7 Responses to “of blogs and more”
  1. Kitana says:

    Hello babe.

    In the spirit of discussion, I think you might be missing the point of the argument. Yes, we concede that Singapore has these laws and we ought to abide by them, and if Singapore wanted to do something about them, they should have changed them in the first place. But that is not the point.

    The point is this: one of the cruxes of the agreement between IMF/WB and Singapore is that Singapore allow for their accredited civil activisits to come in and to allow for outdoor protests. This is supposed to be a fundamental tenet of the agreement and to the IMF/WB, goes to the root of the argument. Even if you argue that maybe, our government was ignorant and didn’t realise the cultural differences, they should have made it a point to KNOW during the making of that agreement.

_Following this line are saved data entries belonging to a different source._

text \<open>A function h = sum_{j>=1} a_j cos(jx) is represented by its coefficient sequence
  a :: nat => real (with a 0 = 0); L_r h = sum_{j>=1} b_j sin(jx) is represented by the
  sequence b (with b 0 = 0).  a_{j-2} = 0 for j <= 2.\<close>

definition Lop :: "real \<Rightarrow> (nat \<Rightarrow> real) \<Rightarrow> (nat \<Rightarrow> real)" where
  "Lop r a j = (if j = 0 then 0
     else Kc j r * (if j \<ge> 3 then a (j - 2) else 0) + yc j r * a j + Kc j r * a (j + 2))"

definition dLop :: "real \<Rightarrow> (nat \<Rightarrow> real) \<Rightarrow> (nat \<Rightarrow> real)" where
  "dLop r a j = deriv (\<lambda>s. Lop s a j) r"

text \<open>The space X^k_c, as a set of cosine coefficient sequences: the function
  f(x) = sum_{j>=1} a_j cos(jx) extends analytically (holomorphically on an open
  neighbourhood) to the closed strip |Im z| <= c, and the L^2 norms over one period of
  the extension and of its k-th derivative on the lines Im z = c and Im z = -c are finite.\<close>

definition Xc :: "nat \<Rightarrow> real \<Rightarrow> (nat \<Rightarrow> real) set" where
  "Xc k c = {a. a 0 = 0 \<and>
     (\<exists>F S. open S \<and> {z. \<bar>Im z\<bar> \<le> c} \<subseteq> S \<and> F holomorphic_on S \<and>
        (\<forall>x::real. (\<lambda>j. complex_of_real (a j * cos (real j * x))) sums F (complex_of_real x)) \<and>
        (\<forall>\<sigma>\<in>{c, -c}.
           (\<lambda>x. (cmod (F (Complex x \<sigma>)))^2) integrable_on {0..2*pi} \<and>
           (\<lambda>x. (cmod ((deriv ^^ k) F (Complex x \<sigma>)))^2) integrable_on {0..2*pi}))}"

end

theory Submission
  imports Defs
begin

(* For j >= 2 both K_j and y_j are multiples of B_j, so the j-th coefficient of L_r h is
   B_j(r) times a cofactor. At r = r(m) the m-th coefficient of every element of the range
   therefore vanishes, while the m-th coefficient of the r-derivative of L_r h_0 is
   B_m'(r) > 0 times the cofactor of h_0. If that cofactor were zero, then, because B_j(r) is
   strictly increasing in j and hence nonzero for j <> m, every row of L_r h_0 = 0 would give
   a_(j-2) + a_(j+2) = l a_j with l = 2(1+r)/(1-r) > 2, and the first row gives
   a_3 = (3r+1)/(1-r) a_1. From these initial conditions the even and the odd subsequence grow
   monotonically in absolute value unless they vanish, which contradicts a_j -> 0. *)

lemma Bc_eq_ratio_power:
  assumes "r \<noteq> -1"
  shows "Bc j r = -1 - 2 * r + 2 * real j * r - r^2 - (1 + r)^2 * ((1 - r) / (1 + r))^j"
proof -
  have "(1 + r) powi (int j - 2) = (1 + r)^j / (1 + r)^2"
    using assms by (simp add: power_int_diff)
  then show ?thesis
    using assms unfolding Bc_def by (simp add: power_divide field_simps)
qed

lemma Bc_1: "r \<noteq> -1 \<Longrightarrow> Bc 1 r = -2"
  by (simp add: Bc_eq_ratio_power field_simps power2_eq_square)

lemma strict_mono_Bc:
  assumes "0 < r" "r \<le> 1"
  shows "strict_mono (\<lambda>j. Bc j r)"
proof (rule strict_mono_Suc_iff[THEN iffD2], intro allI)
  fix j
  define q where "q = (1 - r) / (1 + r)"
  have q: "0 \<le> q" "q \<le> 1"
    using assms by (auto simp: q_def field_simps)
  have "Bc (Suc j) r - Bc j r = 2 * r + (1 + r)^2 * q^j * (1 - q)"
    using assms by (simp add: Bc_eq_ratio_power q_def[symmetric] algebra_simps)
  moreover have "0 \<le> (1 + r)^2 * q^j * (1 - q)"
    using q by simp
  ultimately show "Bc j r < Bc (Suc j) r"
    using assms by linarith
qed

definition dBc :: "nat \<Rightarrow> real \<Rightarrow> real" where
  "dBc j x = 2 * (real j - 1 - x) + 2 * (real j - 1 + x) * ((1 - x) / (1 + x))^(j - 1)"

lemma has_real_derivative_Bc:
  assumes "1 \<le> j" "-1 < x"
  shows "((\<lambda>s. Bc j s) has_real_derivative dBc j x) (at x)"
proof (rule has_field_derivative_transform_within_open)
  define q where "q = (1 - x) / (1 + x)"
  have q_mult: "(1 + x) * q = 1 - x"
    using assms(2) by (simp add: q_def)
  have pow: "q^j = q * q^(j - 1)"
    using assms(1) by (simp flip: power_Suc)
  have cancel: "(2 + 2 * x) * (q * q^(j - 1)) = 2 * (1 - x) * q^(j - 1)"
    by (simp flip: q_mult)
  show "((\<lambda>s. -1 - 2 * s + 2 * real j * s - s^2 - (1 + s)^2 * ((1 - s) / (1 + s))^j)
         has_real_derivative dBc j x) (at x)"
    unfolding dBc_def using assms(2)
    by (auto intro!: derivative_eq_intros, simp only: q_def[symmetric] pow cancel,
        simp add: power2_eq_square, simp add: algebra_simps)
  show "-1 - 2 * s + 2 * real j * s - s^2 - (1 + s)^2 * ((1 - s) / (1 + s))^j = Bc j s"
    if "s \<in> {-1<..}" for s
    using that by (simp add: Bc_eq_ratio_power)
qed (use assms in auto)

    Remember in this case, Singapore is the service provider and IMF/WB is the guest. IMF/WB did not HAVE to host its meetings in Singapore. Singapore bidded for this so-called privilege from 33 other countries, and by this, you are showing that you WANT to host the IMF/WB meetings, and you have to fulfil your terms of the agreement.

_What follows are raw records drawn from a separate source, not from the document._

lemma span_over_coefficients_in_subfield:
  assumes U: "independent U" and L: "subfield L"
    and vs: "set vs \<subseteq> span_over scale L U" "lin_indep_list scale vs"
    and w: "w \<in> span_over scale L U" "w = (\<Sum>j<length vs. c j *s vs ! j)"
    and i: "i < length vs"
  shows "c i \<in> L"
proof -
  let ?p = "length vs"
  define x where "x j = (if j < ?p then vs ! j else w)" for j
  have x_sum: "(\<Sum>j<Suc ?p. d j *s x j) = (\<Sum>j<?p. d j *s vs ! j) + d ?p *s w" for d
    by (simp add: x_def)
  have "\<forall>j<Suc ?p. x j \<in> span_over scale L U" using vs(1) w(1) by (auto simp: x_def)
  moreover have "(\<Sum>j<Suc ?p. (if j < ?p then c j else - 1) *s x j) = 0"
    unfolding x_sum using w(2) by simp
  moreover have "\<exists>j<Suc ?p. (if j < ?p then c j else - 1) \<noteq> (0::'a)" by auto
  ultimately obtain l where l: "\<forall>j<Suc ?p. l j \<in> L" "(\<Sum>j<?p. l j *s vs ! j) + l ?p *s w = 0"
      "\<exists>j<Suc ?p. l j \<noteq> 0"
    unfolding x_sum[symmetric] by (rule span_over_relation_in_subfield[OF U L])
  have "l ?p \<noteq> 0"
  proof
    assume "l ?p = 0"
    then have "(\<Sum>j<?p. l j *s vs ! j) = 0" using l(2) by simp
    then have "l j = 0" if "j < ?p" for j
      using lin_indep_list_coefficients_unique[OF vs(2) that, of l "\<lambda>_. 0"] by simp
    with \<open>l ?p = 0\<close> l(3) show False using less_Suc_eq by auto
  qed
  have "w = (\<Sum>j<?p. (- l j / l ?p) *s vs ! j)"
  proof -
    have "l ?p *s w = - (\<Sum>j<?p. l j *s vs ! j)" using l(2) by (simp add: add_eq_0_iff)
    then have "w = (- inverse (l ?p)) *s (\<Sum>j<?p. l j *s vs ! j)"
      using \<open>l ?p \<noteq> 0\<close> by (metis scale_minus_left scale_minus_right scale_one scale_scale left_inverse)
    then show ?thesis by (simp add: scale_sum_right divide_inverse mult.commute)
  qed
  then have "c i = - l i / l ?p"
    using lin_indep_list_coefficients_unique[OF vs(2) i, of c "\<lambda>j. - l j / l ?p"] w(2) by simp
  then show ?thesis using l(1) i by (simp add: subfield_divide[OF L] subfield_uminus[OF L])
qed
lemma vertex_arrows_imp_less_card:
  assumes "sgraph V E" "vertex_arrows V E r"
  shows "r < card V"
proof (rule ccontr)
  assume "\<not> r < card V"
  obtain h where h: "bij_betw h V {0..<card V}"
    using ex_bij_betw_finite_nat[OF sgraph_finite[OF assms(1)]] by blast
  with \<open>\<not> r < card V\<close> have "\<forall>v\<in>V. h v < r"
    using bij_betwE by fastforce
  then obtain x y where "x \<in> V" "y \<in> V" "{x, y} \<in> E" "h x = h y"
    using assms(2) unfolding vertex_arrows_def by blast
  with h have "{x} \<in> E"
    by (metis bij_betw_imp_inj_on inj_onD insert_absorb2)
  with assms(1) show False
    using sgraph_no_loop by blast
qed

definition collapse :: "nat set \<Rightarrow> nat \<Rightarrow> nat \<Rightarrow> nat" where
  "collapse S a x = (if x \<in> S then a else x)"

lemma collapse_mem:
  "x \<in> V \<Longrightarrow> S \<subseteq> V \<Longrightarrow> a \<in> S \<Longrightarrow> collapse S a x \<in> V - (S - {a})"
  by (auto simp: collapse_def)

lemma sgraph_collapse:
  assumes G: "sgraph V E" and S: "is_indep V E S" "a \<in> S"
  shows "sgraph (V - (S - {a})) (image (collapse S a) ` E)"
  unfolding sgraph_def
proof (intro conjI subsetI)
  show "finite (V - (S - {a}))"
    using sgraph_finite[OF G] by simp
  fix e' assume "e' \<in> image (collapse S a) ` E"
  then obtain x y where "e' = {collapse S a x, collapse S a y}" "{x, y} \<in> E"
    "x \<in> V" "y \<in> V" "x \<noteq> y"
    using G by (auto elim: sgraph_edgeE)
  moreover from calculation S have "collapse S a x \<noteq> collapse S a y"
    by (auto simp: collapse_def is_indep_def)
  moreover from S have "S \<subseteq> V"
    by (simp add: is_indep_def)
  ultimately show "e' \<in> {{x, y} |x y. x \<in> V - (S - {a}) \<and> y \<in> V - (S - {a}) \<and> x \<noteq> y}"
    using S(2) collapse_mem by blast
qed

lemma vertex_arrows_collapse:
  assumes "vertex_arrows V E r" "S \<subseteq> V" "a \<in> S"
  shows "vertex_arrows (V - (S - {a})) (image (collapse S a) ` E) r"
  unfolding vertex_arrows_def
proof (intro allI impI)
  fix f :: "nat \<Rightarrow> nat"
  assume "\<forall>v \<in> V - (S - {a}). f v < r"
  then have "\<forall>v\<in>V. (f \<circ> collapse S a) v < r"
    using assms(2,3) collapse_mem by fastforce
  then obtain x y where "x \<in> V" "y \<in> V" "{x, y} \<in> E" "f (collapse S a x) = f (collapse S a y)"
    using assms(1)[unfolded vertex_arrows_def, rule_format, of "f \<circ> collapse S a"] by auto
  moreover from calculation have "{collapse S a x, collapse S a y} \<in> image (collapse S a) ` E"
    by (intro image_eqI[of _ _ "{x, y}"]) simp_all
  ultimately show "\<exists>x \<in> V - (S - {a}). \<exists>y \<in> V - (S - {a}). {x, y} \<in> image (collapse S a) ` E \<and> f x = f y"
    using assms(2,3) collapse_mem by blast
qed

lemma is_clique_collapse:
  assumes G: "sgraph V E" and K: "is_clique (V - (S - {a})) (image (collapse S a) ` E) K"
  shows "is_clique V E (K - {a})"
  unfolding is_clique_def
proof (intro conjI ballI impI)
  show "K - {a} \<subseteq> V"
    using K by (auto simp: is_clique_def)
  fix x y assume x: "x \<in> K - {a}" and y: "y \<in> K - {a}" and "x \<noteq> y"
  with K have "x \<notin> S" "y \<notin> S" "{x, y} \<in> image (collapse S a) ` E"
    by (auto simp: is_clique_def)
  then obtain x' y' where e: "{x', y'} \<in> E" "{x, y} = {collapse S a x', collapse S a y'}"
    using G by (auto elim: sgraph_edgeE)
  with x y have "x' \<notin> S" "y' \<notin> S"
    by (auto simp: collapse_def doubleton_eq_iff split: if_splits)
  with e show "{x, y} \<in> E"
    by (simp add: collapse_def)
qed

    If you felt that you couldn’t fulfil all the terms of the agreement due to concerns such as security or your country’s laws, then it’s too bad. You should not even have made that agreement in the first place. It wouldn’t have cost you anything, IMF/WB would just have found another country to host them easily, and you wouldn’t even have to argue on issues of sovereignty.

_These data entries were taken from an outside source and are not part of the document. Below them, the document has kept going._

(* Let $\Gamma$ be any 2-agent zero-sum game in which all entries of $A=A^{(12)}$ are distinct. Then a probability measure $\pi$ on $\mathcal{X}$ is a stationary distribution of the Feller chain $\{X^t\}$ on $\mathcal{X}$ generated by Stochastic MWU if and only if $\pi$ is concentrated on pure strategy profiles (i.e., $\pi(x)>0$ only when $x$ is a pure strategy profile).
   Context: Two agents with finite pure strategy sets $\mathcal{S}_1,\mathcal{S}_2$, $\mathcal{S}=\mathcal{S}_1\times\mathcal{S}_2$, simplices $\mathcal{X}_i$ of mixed strategies, $\mathcal{X}=\mathcal{X}_1\times\mathcal{X}_2$; $A^{(12)}=A$, $A^{(21)}=-A^\top$. A pure strategy profile is $x=(e_{s_1},e_{s_2})$. The chain has kernel $P(x,\{z\})=\sum_{s\in\mathcal{S}:\,R(s,x)=z}\prod_i x_{is_i}$, where $R_{i\hat s}(s,x)=\dfrac{x_{i\hat s}\exp(\eta_i\langle e_{\hat s},A^{(ij)}e_{s_j}\rangle)}{\sum_{\bar s\in\mathcal{S}_i}x_{i\bar s}\exp(\eta_i\langle e_{\bar s},A^{(ij)}e_{s_j}\rangle)}$ ($j\ne i$, $0/0=0$) is the Stochastic MWU update after sampling pure profile $s$ from $x$. $\pi$ is stationary if $\int_{\mathcal{X}}\pi(dx)P(x,A')=\pi(A')$ for all Borel $A'\subseteq\mathcal{X}$. *)

theory Defs
  imports "HOL-Analysis.Analysis" "HOL-Probability.Probability"
begin

text \<open>Pure strategies of agent 1: finite type 'n; of agent 2: finite type 'm.
  Mixed strategies are vectors in real^'n resp. real^'m.  The payoff matrix
  A = A^(12) has entry A$s1$s2; A^(21) = -A^T.\<close>

definition mixed_strategy :: "real^'k::finite \<Rightarrow> bool" where
  "mixed_strategy x \<longleftrightarrow> (\<forall>i. 0 \<le> x$i) \<and> (\<Sum>i\<in>UNIV. x$i) = 1"

definition profiles :: "((real^'n::finite) \<times> (real^'m::finite)) set" where
  "profiles = {x. mixed_strategy (fst x) \<and> mixed_strategy (snd x)}"

definition pure_profiles :: "((real^'n::finite) \<times> (real^'m::finite)) set" where
  "pure_profiles = {(axis s1 1, axis s2 1) | s1 s2. True}"

text \<open>Multiplicative-weights update of a mixed strategy x with learning rate eta
  and payoff vector u (u s = payoff of pure strategy s); 0/0 = 0 by HOL division.\<close>
definition mwu_update :: "real \<Rightarrow> ('k::finite \<Rightarrow> real) \<Rightarrow> real^'k \<Rightarrow> real^'k" where
  "mwu_update eta u x =
     (\<chi> s. x$s * exp (eta * u s) / (\<Sum>t\<in>UNIV. x$t * exp (eta * u t)))"
lemma y_span_mult_y:
  assumes "x \<in> y_span"
  shows "y * x \<in> y_span"
proof -
  obtain c where c: "\<And>j. c j \<in> K" "x = (\<Sum>j<p. c j * y ^ j)"
    using assms unfolding y_span_def by blast
  obtain q where q: "p = Suc q" using two_le_p by (cases p) auto
  have "y * x = (\<Sum>j<q. c j * y ^ Suc j) + c q * y ^ p"
    unfolding c(2) q sum.lessThan_Suc by (simp add: distrib_left sum_distrib_left mult_ac)
  also have "c q * y ^ p = c q * f + c q * y ^ 1"
    using AS_equation by (simp add: algebra_simps)
  finally have "y * x = (\<Sum>j<q. c j * y ^ Suc j) + (c q * f + c q * y ^ 1)" .
  moreover have "(\<Sum>j<q. c j * y ^ Suc j) \<in> y_span"
    using c(1) q by (intro y_span_sum y_span_monomial) auto
  moreover have "c q * f \<in> y_span"
    using subfieldD(4)[OF subfield_K c(1) f_in_K] by (rule y_span_K)
  moreover have "c q * y ^ 1 \<in> y_span"
    using c(1) two_le_p by (intro y_span_monomial) auto
  ultimately show ?thesis by (simp add: y_span_add)
qed

lemma y_span_mult_y_power: "x \<in> y_span \<Longrightarrow> y ^ n * x \<in> y_span"
  by (induction n) (simp_all add: mult.assoc y_span_mult_y)

lemma y_span_mult:
  assumes "x \<in> y_span" "x' \<in> y_span"
  shows "x * x' \<in> y_span"
proof -
  obtain c where c: "\<And>j. c j \<in> K" "x' = (\<Sum>j<p. c j * y ^ j)"
    using assms(2) unfolding y_span_def by blast
  have "x * x' = (\<Sum>j<p. c j * (y ^ j * x))"
    unfolding c(2) by (simp add: sum_distrib_left mult_ac)
  then show ?thesis
    using c(1) assms(1) by (auto intro!: y_span_sum y_span_scale y_span_mult_y_power)
qed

    Coz this isn’t a sovereignty issue. Singapore is not blind or dumb. They know of the security risks from previous countries. Yet they chose to undertake this assignment. They had incredibly tight security, and yet they didn’t allow the accredited protesters in or gave due respect to those who did come in. Sovereignity is 1 thing. But I have an issue with how our government thinks it can treat other people just because their actions are incongruent with our laws.

  2. Yoz!

    Actually, I’m not exactly sure what Singapore agreed to when they won the ‘bid’ to host the IMF/WB meetings. Was the agreement to allow outdoor protests specifically? Or was it simply protests? Since there is space for people to protest within Suntec Convention Centre itself, with air-conditioning no less. Granted, that space may be a little limited and to be honest, it does somewhat make a mockery of protesting. Singapore just wants to control the crowd, hence they confine it indoors. So the space should be bigger, but I don’t think the idea of wanting to control such protests within certain boundaries is wrong. It does have its own citizens to look after at the end of the day.

    But yeah, shouldn’t ban them la. That’s just bad publicity.

  3. shiuan says:

    better lunch meat in cafeterias, eh?


  4. Nick says:

    Before I forget, ‘Mooo’

  5. Yay, you’re the only one who’ll get the reference! Wahahaha 😉

    And nick’s enigmatic one liners continue 😀

  6. ted says:

    Nice, authoritarian loving potential lawyers. Now I really want to get out of Singapore.

  7. Hi ted,

    I wasn’t subscribing to authoritarianism, merely trying to discuss the issues at hand. I personally think discussion is better than generalisations.